● **TASK ITEM**: Please set down, word for word, each line from the one containing "e \<noteq> (None, None))" through the final line of the records below, both included, and nothing else.

Dataset entries:
▼▼▼

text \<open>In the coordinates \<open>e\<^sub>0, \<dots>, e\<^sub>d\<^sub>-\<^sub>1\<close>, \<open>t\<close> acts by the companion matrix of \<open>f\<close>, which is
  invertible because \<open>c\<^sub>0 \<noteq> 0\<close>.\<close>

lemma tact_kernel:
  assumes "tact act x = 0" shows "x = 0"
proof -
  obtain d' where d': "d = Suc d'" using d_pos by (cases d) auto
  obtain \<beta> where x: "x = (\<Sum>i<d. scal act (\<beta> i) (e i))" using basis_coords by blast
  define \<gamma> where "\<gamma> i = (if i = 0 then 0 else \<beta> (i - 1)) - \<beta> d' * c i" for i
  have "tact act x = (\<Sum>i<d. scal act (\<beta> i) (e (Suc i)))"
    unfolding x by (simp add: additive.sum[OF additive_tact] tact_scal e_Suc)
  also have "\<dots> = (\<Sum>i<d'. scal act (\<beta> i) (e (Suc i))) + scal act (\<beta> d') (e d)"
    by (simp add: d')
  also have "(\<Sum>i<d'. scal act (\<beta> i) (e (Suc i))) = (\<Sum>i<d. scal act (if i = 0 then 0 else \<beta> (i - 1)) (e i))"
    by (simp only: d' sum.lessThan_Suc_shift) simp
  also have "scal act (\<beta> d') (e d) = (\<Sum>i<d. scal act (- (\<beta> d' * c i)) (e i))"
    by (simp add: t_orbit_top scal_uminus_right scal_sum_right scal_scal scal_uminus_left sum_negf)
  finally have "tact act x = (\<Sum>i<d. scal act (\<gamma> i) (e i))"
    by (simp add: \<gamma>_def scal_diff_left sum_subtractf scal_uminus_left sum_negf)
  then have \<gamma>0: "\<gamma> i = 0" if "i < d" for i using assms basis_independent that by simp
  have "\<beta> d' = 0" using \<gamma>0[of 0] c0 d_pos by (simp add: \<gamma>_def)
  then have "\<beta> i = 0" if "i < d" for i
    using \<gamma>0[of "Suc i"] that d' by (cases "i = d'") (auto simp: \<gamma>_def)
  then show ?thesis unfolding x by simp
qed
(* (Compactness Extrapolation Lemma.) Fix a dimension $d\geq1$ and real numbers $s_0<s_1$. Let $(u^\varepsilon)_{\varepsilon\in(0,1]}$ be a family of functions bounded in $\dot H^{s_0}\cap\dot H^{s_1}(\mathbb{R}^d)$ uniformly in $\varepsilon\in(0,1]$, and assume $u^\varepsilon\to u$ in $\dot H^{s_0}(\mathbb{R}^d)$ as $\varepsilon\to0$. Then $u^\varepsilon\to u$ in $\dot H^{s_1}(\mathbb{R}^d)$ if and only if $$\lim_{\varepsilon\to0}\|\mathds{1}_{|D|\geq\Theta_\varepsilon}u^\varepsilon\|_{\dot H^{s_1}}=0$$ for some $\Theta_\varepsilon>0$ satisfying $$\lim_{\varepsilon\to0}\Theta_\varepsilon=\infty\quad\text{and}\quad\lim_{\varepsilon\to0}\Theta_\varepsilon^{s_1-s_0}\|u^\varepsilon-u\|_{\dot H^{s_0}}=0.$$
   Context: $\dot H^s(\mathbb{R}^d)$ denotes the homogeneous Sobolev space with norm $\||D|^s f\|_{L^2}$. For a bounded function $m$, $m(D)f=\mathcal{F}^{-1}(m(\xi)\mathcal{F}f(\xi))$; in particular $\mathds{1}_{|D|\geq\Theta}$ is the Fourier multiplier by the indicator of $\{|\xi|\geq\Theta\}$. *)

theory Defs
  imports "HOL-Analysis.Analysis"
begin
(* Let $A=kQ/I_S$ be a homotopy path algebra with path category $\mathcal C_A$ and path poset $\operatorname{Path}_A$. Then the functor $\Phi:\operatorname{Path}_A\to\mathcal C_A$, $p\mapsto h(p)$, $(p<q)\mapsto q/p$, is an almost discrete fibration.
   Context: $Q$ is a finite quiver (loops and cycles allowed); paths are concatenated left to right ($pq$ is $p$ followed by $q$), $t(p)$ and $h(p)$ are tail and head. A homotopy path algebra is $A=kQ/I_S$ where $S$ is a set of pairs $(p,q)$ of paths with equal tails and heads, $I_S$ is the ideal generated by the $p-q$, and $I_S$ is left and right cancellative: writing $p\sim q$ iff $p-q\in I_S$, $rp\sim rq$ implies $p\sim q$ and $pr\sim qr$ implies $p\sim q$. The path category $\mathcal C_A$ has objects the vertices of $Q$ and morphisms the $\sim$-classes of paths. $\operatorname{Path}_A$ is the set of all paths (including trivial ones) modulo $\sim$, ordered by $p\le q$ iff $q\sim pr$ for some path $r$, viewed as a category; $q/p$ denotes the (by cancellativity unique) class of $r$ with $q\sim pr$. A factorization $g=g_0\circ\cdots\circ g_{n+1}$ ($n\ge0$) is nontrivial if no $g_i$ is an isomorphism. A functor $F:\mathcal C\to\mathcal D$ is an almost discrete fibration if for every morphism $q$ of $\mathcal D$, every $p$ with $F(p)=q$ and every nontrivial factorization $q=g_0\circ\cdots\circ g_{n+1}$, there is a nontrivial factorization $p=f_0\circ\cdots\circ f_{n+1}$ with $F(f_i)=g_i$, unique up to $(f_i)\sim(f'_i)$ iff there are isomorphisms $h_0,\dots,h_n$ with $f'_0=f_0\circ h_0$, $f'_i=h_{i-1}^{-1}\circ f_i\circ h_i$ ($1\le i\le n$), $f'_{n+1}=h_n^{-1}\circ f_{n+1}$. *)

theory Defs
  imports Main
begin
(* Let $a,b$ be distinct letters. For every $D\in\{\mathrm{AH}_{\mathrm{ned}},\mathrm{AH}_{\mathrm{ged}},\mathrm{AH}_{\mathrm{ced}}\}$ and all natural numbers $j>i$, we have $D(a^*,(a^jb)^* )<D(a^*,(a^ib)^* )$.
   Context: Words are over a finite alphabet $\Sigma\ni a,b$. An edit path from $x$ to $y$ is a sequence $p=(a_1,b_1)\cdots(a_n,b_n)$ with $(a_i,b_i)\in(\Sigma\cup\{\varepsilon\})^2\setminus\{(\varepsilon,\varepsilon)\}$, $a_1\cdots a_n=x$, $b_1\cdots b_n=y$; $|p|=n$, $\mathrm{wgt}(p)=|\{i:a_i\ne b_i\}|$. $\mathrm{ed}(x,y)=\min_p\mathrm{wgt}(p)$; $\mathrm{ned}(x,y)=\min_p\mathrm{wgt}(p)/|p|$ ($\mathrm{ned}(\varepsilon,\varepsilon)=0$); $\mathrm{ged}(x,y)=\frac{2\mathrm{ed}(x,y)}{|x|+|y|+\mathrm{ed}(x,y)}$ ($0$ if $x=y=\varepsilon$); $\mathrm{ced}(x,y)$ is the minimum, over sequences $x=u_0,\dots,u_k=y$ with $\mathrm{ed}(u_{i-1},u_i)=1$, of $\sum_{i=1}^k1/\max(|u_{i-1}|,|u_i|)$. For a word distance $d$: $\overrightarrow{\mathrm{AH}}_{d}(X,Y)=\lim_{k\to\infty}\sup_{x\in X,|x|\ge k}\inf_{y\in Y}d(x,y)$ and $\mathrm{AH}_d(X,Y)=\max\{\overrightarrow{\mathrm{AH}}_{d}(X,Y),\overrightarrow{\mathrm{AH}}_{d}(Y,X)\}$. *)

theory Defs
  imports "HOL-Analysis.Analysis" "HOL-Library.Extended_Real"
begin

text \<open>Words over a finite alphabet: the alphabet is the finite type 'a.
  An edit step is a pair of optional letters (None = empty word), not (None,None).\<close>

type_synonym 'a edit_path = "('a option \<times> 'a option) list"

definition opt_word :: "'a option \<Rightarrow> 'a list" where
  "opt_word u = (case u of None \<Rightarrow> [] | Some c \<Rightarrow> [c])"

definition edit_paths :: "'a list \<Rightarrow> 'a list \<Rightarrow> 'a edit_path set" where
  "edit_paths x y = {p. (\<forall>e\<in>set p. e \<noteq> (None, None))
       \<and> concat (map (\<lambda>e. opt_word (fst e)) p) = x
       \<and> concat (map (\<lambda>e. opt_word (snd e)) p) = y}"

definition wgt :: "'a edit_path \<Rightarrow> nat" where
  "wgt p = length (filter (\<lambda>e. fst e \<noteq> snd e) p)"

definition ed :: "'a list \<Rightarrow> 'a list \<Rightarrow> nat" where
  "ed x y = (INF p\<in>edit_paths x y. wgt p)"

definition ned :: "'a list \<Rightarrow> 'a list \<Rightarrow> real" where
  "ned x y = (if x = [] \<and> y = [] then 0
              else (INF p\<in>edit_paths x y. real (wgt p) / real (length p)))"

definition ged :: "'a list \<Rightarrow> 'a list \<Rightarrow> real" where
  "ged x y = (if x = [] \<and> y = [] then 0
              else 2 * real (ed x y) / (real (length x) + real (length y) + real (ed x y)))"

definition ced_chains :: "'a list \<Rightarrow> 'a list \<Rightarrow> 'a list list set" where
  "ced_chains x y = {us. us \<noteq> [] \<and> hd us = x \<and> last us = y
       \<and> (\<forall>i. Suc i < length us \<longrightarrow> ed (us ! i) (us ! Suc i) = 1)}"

▲▲▲

● **RESULT**:
  "edit_paths x y = {p. (\<forall>e\<in>set p. e \<noteq> (None, None))
       \<and> concat (map (\<lambda>e. opt_word (fst e)) p) = x
       \<and> concat (map (\<lambda>e. opt_word (snd e)) p) = y}"

definition wgt :: "'a edit_path \<Rightarrow> nat" where
  "wgt p = length (filter (\<lambda>e. fst e \<noteq> snd e) p)"

definition ed :: "'a list \<Rightarrow> 'a list \<Rightarrow> nat" where
  "ed x y = (INF p\<in>edit_paths x y. wgt p)"

definition ned :: "'a list \<Rightarrow> 'a list \<Rightarrow> real" where
  "ned x y = (if x = [] \<and> y = [] then 0
              else (INF p\<in>edit_paths x y. real (wgt p) / real (length p)))"

definition ged :: "'a list \<Rightarrow> 'a list \<Rightarrow> real" where
  "ged x y = (if x = [] \<and> y = [] then 0
              else 2 * real (ed x y) / (real (length x) + real (length y) + real (ed x y)))"

definition ced_chains :: "'a list \<Rightarrow> 'a list \<Rightarrow> 'a list list set" where
  "ced_chains x y = {us. us \<noteq> [] \<and> hd us = x \<and> last us = y
       \<and> (\<forall>i. Suc i < length us \<longrightarrow> ed (us ! i) (us ! Suc i) = 1)}"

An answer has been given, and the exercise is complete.